Boston University Department of Biology

Faculty Profiles

Current Research

My scholarly interests are the proteins which make up the adhesion-signaling complexes on the surface of cells in a developing multicellular organism, specifically the neurons and glial cells of the developing chick nervous system. The effective function of cell adhesion complexes is critical to establishment and maintenance of the differentiated state. Earlier research probed the role of the cell membrane and membrane lipid – protein complexes in fusion of embryonic chick myoblasts into multi-nuclear muscle cells. More recent research investigated the possible roles of integrins, cadherins and lipid raft components in one cell-cell adhesion complex in the developing retina of chick embryos. We had shown that interference with this cell adhesion blocks further neuronal cell differentiation and initiates apoptosis. Using the activity of a tissue-specific cell surface protein disulfide isomerase as a probe, we demonstrated that cell adhesion by this complex involves rearrangement of disulfide bonds. Using a combination of cell adhesion assays, isolation of interacting proteins and mass spectroscopy, we started to identify the different molecules which make up this adhesion complex, the substrates and binding targets for the isomerase and the actual cell-linking proteins. Subsequent work might differentiate this isomerase-dependent adhesion complex from, at least, two other adhesion complexes on the surface of retina cells and allow tracing of the signal the signal transduction pathways back to the blocks to neuronal cell differentiation and the initiation of apoptosis. I am no longer pursuing active research nor accepting new graduate students.

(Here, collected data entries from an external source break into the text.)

lemma absv_power_sub_1_not_dvd:
  assumes "\<not> p dvd k" and "absv (z - 1) < 1"
  shows "absv (z ^ k - 1) = absv (z - 1)"
proof -
  define S where "S = (\<Sum>i<k. z ^ i - 1)"
  have "(\<Sum>i<k. z ^ i) = of_nat k + S"
    by (simp add: S_def sum_subtractf)
  then have "z ^ k - 1 = (z - 1) * (of_nat k + S)"
    using power_diff_1_eq[of z k] by simp
  moreover have "absv S < absv (of_nat k)"
    using absv_sum_le[of "{..<k}" "\<lambda>i. z ^ i - 1" "absv (z - 1)"] absv_power_sub_1_le[OF assms(2)]
      absv_nonneg assms by (simp add: S_def absv_of_nat_not_dvd le_less_trans)
  ultimately show ?thesis
    using absv_add_dominant[of S "of_nat k"] absv_of_nat_not_dvd[OF assms(1)] by simp
qed

lemma absv_power_p_sub_1:
  assumes pos: "0 < absv (w - 1)" and small: "absv (w - 1) < absv (of_nat p)"
  shows "absv (w ^ p - 1) = absv (of_nat p) * absv (w - 1)"
proof -
  define e where "e = w - 1"
  have p2: "2 \<le> p"
    using prime_ge_2_nat[OF prime_p] .
  define f where "f k = of_nat (p choose k) * e ^ k" for k
  have "w ^ p = (\<Sum>k=0..p. f k)"
    using binomial_ring[of e 1 p] by (simp add: e_def f_def atLeast0AtMost)
  also have "\<dots> = f 0 + (f 1 + (\<Sum>k=2..p. f k))"
    using p2 by (simp add: sum.atLeast_Suc_atMost numeral_2_eq_2)
  finally have "w ^ p - 1 = of_nat p * e + (\<Sum>k=2..p. f k)"
    by (simp add: f_def)
  moreover have "absv (\<Sum>k=2..p. f k) < absv (of_nat p * e)"
  proof -
    have e: "0 < absv e" "absv e < 1"
      using pos small absv_p_less_1 by (simp_all add: e_def)
    have "absv (f k) \<le> absv e ^ 2" if "k \<in> {2..p}" for k
    proof -
      have "absv (f k) \<le> absv e ^ k"
        using absv_of_nat_le_1[of "p choose k"] e by (simp add: f_def mult_left_le_one_le)
      also have "\<dots> \<le> absv e ^ 2"
        using that e by (intro power_decreasing) auto
      finally show ?thesis .
    qed
    then have "absv (\<Sum>k=2..p. f k) \<le> absv e ^ 2"
      by (intro absv_sum_le) auto
    also have "\<dots> < absv (of_nat p * e)"
      using small e by (simp add: e_def power2_eq_square)
    finally show ?thesis .
  qed
  ultimately show ?thesis
    using absv_add_dominant[of "\<Sum>k=2..p. f k" "of_nat p * e"] by (simp add: e_def)
qed

lemma absv_power_sub_1_near_1:
  assumes "0 < absv (z - 1)" and "absv (z - 1) < absv (of_nat p)" and "m > 0"
  shows "0 < absv (z ^ m - 1) \<and> absv (z ^ m - 1) < absv (of_nat p)"
  using assms(3)
proof (induction m rule: less_induct)
  case (less m)
  show ?case
  proof (cases "p dvd m")
    case False
    have "absv (z - 1) < 1"
      using assms(2) absv_p_less_1 by linarith
    then show ?thesis
      using assms(1,2) absv_power_sub_1_not_dvd[OF False] by simp
  next
    case True
    then obtain m' where m': "m = p * m'"
      by (rule dvdE)
    have "0 < m'" "m' < m"
      using less.prems prime_gt_1_nat[OF prime_p] by (simp_all add: m')
    then have IH: "0 < absv (z ^ m' - 1)" "absv (z ^ m' - 1) < absv (of_nat p)"
      using less.IH by auto
    have "absv (z ^ m - 1) = absv (of_nat p) * absv (z ^ m' - 1)"
      using absv_power_p_sub_1[OF IH] by (simp add: m' power_mult mult.commute[of p])
    moreover have "absv (of_nat p :: 'a) * absv (z ^ m' - 1) < absv (of_nat p)"
      using IH absv_p_pos absv_p_less_1 by (simp add: mult_less_cancel_left2)
    ultimately show ?thesis
      using IH absv_p_pos by simp
  qed
qed

lemma infinite_order_near_1:
  assumes "0 < absv (z - 1)" and "absv (z - 1) < absv (of_nat p)"
  shows "infinite_order z"
  unfolding infinite_order_def
proof (intro allI impI)
  fix n :: nat
  assume "n > 0"
  then show "z ^ n \<noteq> 1"
    using absv_power_sub_1_near_1[OF assms, of n] by auto
qed

end

locale first_order_approx = nonarch_field +
  fixes d :: real
  assumes d_nonneg: "0 \<le> d" and d_less_1: "d < 1"
begin

definition approx :: "'a \<Rightarrow> 'a \<Rightarrow> bool" where
  "approx A a \<longleftrightarrow> absv (A - 1 - a) \<le> d\<^sup>2 \<and> absv a \<le> d"

lemma d_squared_le: "d * d \<le> d" "d * d\<^sup>2 \<le> d\<^sup>2" "d\<^sup>2 * d\<^sup>2 \<le> d\<^sup>2" "d\<^sup>2 \<le> d"
  using d_nonneg d_less_1 by (auto simp: power2_eq_square mult_left_le_one_le mult_le_one)

lemma approx_1_0: "approx 1 0"
  using d_nonneg by (simp add: approx_def)

lemma approx_1_plus: "absv u \<le> d \<Longrightarrow> approx (1 + u) u"
  using d_nonneg by (simp add: approx_def)

lemma approx_mult:
  assumes "approx A a" and "approx B b"
  shows "approx (A * B) (a + b)"
proof -
  define E F where "E = A - 1 - a" and "F = B - 1 - b"
  have E: "absv E \<le> d\<^sup>2" and a: "absv a \<le> d" and F: "absv F \<le> d\<^sup>2" and b: "absv b \<le> d"
    using assms by (auto simp: approx_def E_def F_def)
  have "A * B - 1 - (a + b) = E + F + a * b + a * F + E * b + E * F"
    by (simp add: E_def F_def algebra_simps)
  moreover have "absv (E + F + a * b + a * F + E * b + E * F) \<le> d\<^sup>2"
    using absv_mult_le[OF a b] absv_mult_le[OF a F] absv_mult_le[OF E b] absv_mult_le[OF E F]
      d_squared_le E F
    by (intro absv_add_le) (auto simp: power2_eq_square mult_ac)
  ultimately show ?thesis
    using absv_add_le[OF a b] by (simp add: approx_def)
qed

lemma approx_absv_eq_1:
  assumes "approx A a"
  shows "absv A = 1"
proof -
  have "absv (a + (A - 1 - a)) \<le> d"
    using assms d_squared_le by (intro absv_add_le) (auto simp: approx_def)
  then have "absv (1 + (A - 1)) = 1"
    using d_less_1 by (intro absv_one_plus) simp
  then show ?thesis
    by simp
qed

lemma approx_inverse:
  assumes "approx A a"
  shows "approx (inverse A) (- a)"
proof -
  have A: "absv A = 1" "A \<noteq> 0"
    using approx_absv_eq_1[OF assms] by auto
  define E where "E = A - 1 - a"
  have E: "absv E \<le> d\<^sup>2" and a: "absv a \<le> d"
    using assms by (auto simp: approx_def E_def)
  have "inverse A - 1 - (- a) = (- E + a * a + a * E) * inverse A"
    using A by (simp add: E_def field_simps)
  moreover have "absv (- E + a * a + a * E) \<le> d\<^sup>2"
    using absv_mult_le[OF a a] absv_mult_le[OF a E] d_squared_le E
    by (intro absv_add_le) (auto simp: power2_eq_square)
  ultimately show ?thesis
    using a A by (simp add: approx_def)
qed

lemma approx_power: "approx A a \<Longrightarrow> approx (A ^ n) (of_nat n * a)"
proof (induction n)
  case (Suc n)
  then show ?case
    using approx_mult[of A a "A ^ n" "of_nat n * a"] by (simp add: algebra_simps)
qed (simp add: approx_1_0)

lemma approx_power_int:
  assumes "approx A a"
  shows "approx (A powi k) (of_int k * a)"
proof (cases "k \<ge> 0")
  case True
  then show ?thesis
    using approx_power[OF assms, of "nat k"] by (simp add: power_int_def)
next
  case False
  then show ?thesis
    using approx_power[OF approx_inverse[OF assms], of "nat (- k)"] by (simp add: power_int_def)
qed

lemma approx_prod: "(\<And>j. j \<in> S \<Longrightarrow> approx (A j) (a j)) \<Longrightarrow> approx (prod A S) (sum a S)"
  by (induction S rule: infinite_finite_induct) (simp_all add: approx_1_0 approx_mult)

lemma approx_sub_1_bounds:
  assumes "approx A a" and "d\<^sup>2 < absv a"
  shows "0 < absv (A - 1)" and "absv (A - 1) \<le> d"
proof -
  have eq: "absv (A - 1) = absv a"
    using absv_add_dominant[of "A - 1 - a" a] assms by (simp add: approx_def)
  then show "0 < absv (A - 1)"
    using assms(2) zero_le_power2[of d] by linarith
  show "absv (A - 1) \<le> d"
    using eq assms(1) by (simp add: approx_def)
qed

end

lemma field_aut_add: "field_aut s \<Longrightarrow> s (x + y) = s x + s y"
  by (simp add: field_aut_def)

lemma field_aut_mult: "field_aut s \<Longrightarrow> s (x * y) = s x * s y"
  by (simp add: field_aut_def)

lemma field_aut_1: "field_aut s \<Longrightarrow> s 1 = 1"
  by (simp add: field_aut_def)

lemma field_aut_0: "field_aut s \<Longrightarrow> s 0 = 0"
  using field_aut_add[of s 0 0] add_left_imp_eq[of "s 0" "s 0" 0] by simp

lemma field_aut_eq_0_iff: "field_aut s \<Longrightarrow> s x = 0 \<longleftrightarrow> x = 0"
  by (metis bij_is_inj field_aut_0 field_aut_def injD)

lemma field_aut_of_nat: "field_aut s \<Longrightarrow> s (of_nat n) = of_nat n"
  by (induction n) (simp_all add: field_aut_0 field_aut_1 field_aut_add)

lemma field_aut_power: "field_aut s \<Longrightarrow> s (x ^ n) = s x ^ n"
  by (induction n) (simp_all add: field_aut_1 field_aut_mult)

lemma field_aut_prod: "field_aut s \<Longrightarrow> s (prod f A) = (\<Prod>a\<in>A. s (f a))"
  by (induction A rule: infinite_finite_induct) (simp_all add: field_aut_1 field_aut_mult)

lemma field_aut_inverse: "field_aut s \<Longrightarrow> s (inverse x) = inverse (s x)"
  using field_aut_mult[of s x "inverse x"] field_aut_1[of s] field_aut_0[of s]
  by (cases "x = 0") (simp_all add: inverse_unique)

lemma field_aut_inv:
  assumes "field_aut s"
  shows "field_aut (inv s)"
proof -
  have s: "bij s"
    using assms by (simp add: field_aut_def)
  have "inv s (s x) = x" "s (inv s x) = x" for x
    using s by (simp_all add: bij_is_inj bij_is_surj surj_f_inv_f)
  with assms show ?thesis
    unfolding field_aut_def by (metis bij_imp_bij_inv)
qed

lemma Gal_field_aut: "\<sigma> \<in> Gal absv \<Longrightarrow> field_aut \<sigma>"
  by (simp add: Gal_def)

I am focusing on graduate and undergraduate teaching, writing review articles and cell biology textbook revision.

Courses Taught

• BI203 Cell Biology
• BI 213 Honors Cell Biology
• BI 708 Biochemical and Molecular Aspects of Development

Selected Publications

• Hausman RE (2006). Ocular extracellular matrices in development. Progress in Retinal and Eye Research. 26, 162-188.
• Mukherjee RS, Hausman RE (2004). Cloning of chicken choline acetyltransferase and its expression in the developing chick retina. Mol. Brain Res. 129, 54-66.
• Pariser HP, Zhang J, Hausman RE (2000). The cell adhesion molecule, retina cognin, is a cell surface protein disulfide isomerase that uses disulfide exchange activity to modulate cell adhesion. Exptl. Cell Res. 258, 42-52.
• Pariser HP, Rakeman A, Hausman RE (1998). Thioreductase activity of retina cognin and its role in cell adhesion. Develop. Brain Res. 111, 1-9.
• Holdengreber V, Ren Y, Ben-Shaul Y, Hausman RE (1998). Co-localization of the insulin receptor, jun protein and choline acetyltransferase in embryonic chick retina. Exptl. Eye Res. 66, 307-314.
• Hausman RE, Ren Y, Ruiz JF, Shah BH. (1998). Insulin-mediated stimulation of ChAT and c-Jun in the developing retina neurons involves PI 3-kinase. Biochem. Soc. Trans. 26, S312.
• Phillips JL, Tolan DR, Hausman RE (1997). Antisense inhibition of retina cognin expression modulates differentiation of retinal neurons in culture. Mol. Vision 3, 12 
• Phillips JL, Holdengreber V, Ben-Shaul Y, Zhang J, Tolan DR, Hausman RE (1997). Developmental localization of retina cognin synthesis by in situ hybridization. Develop. Brain Res. 104, 143-152.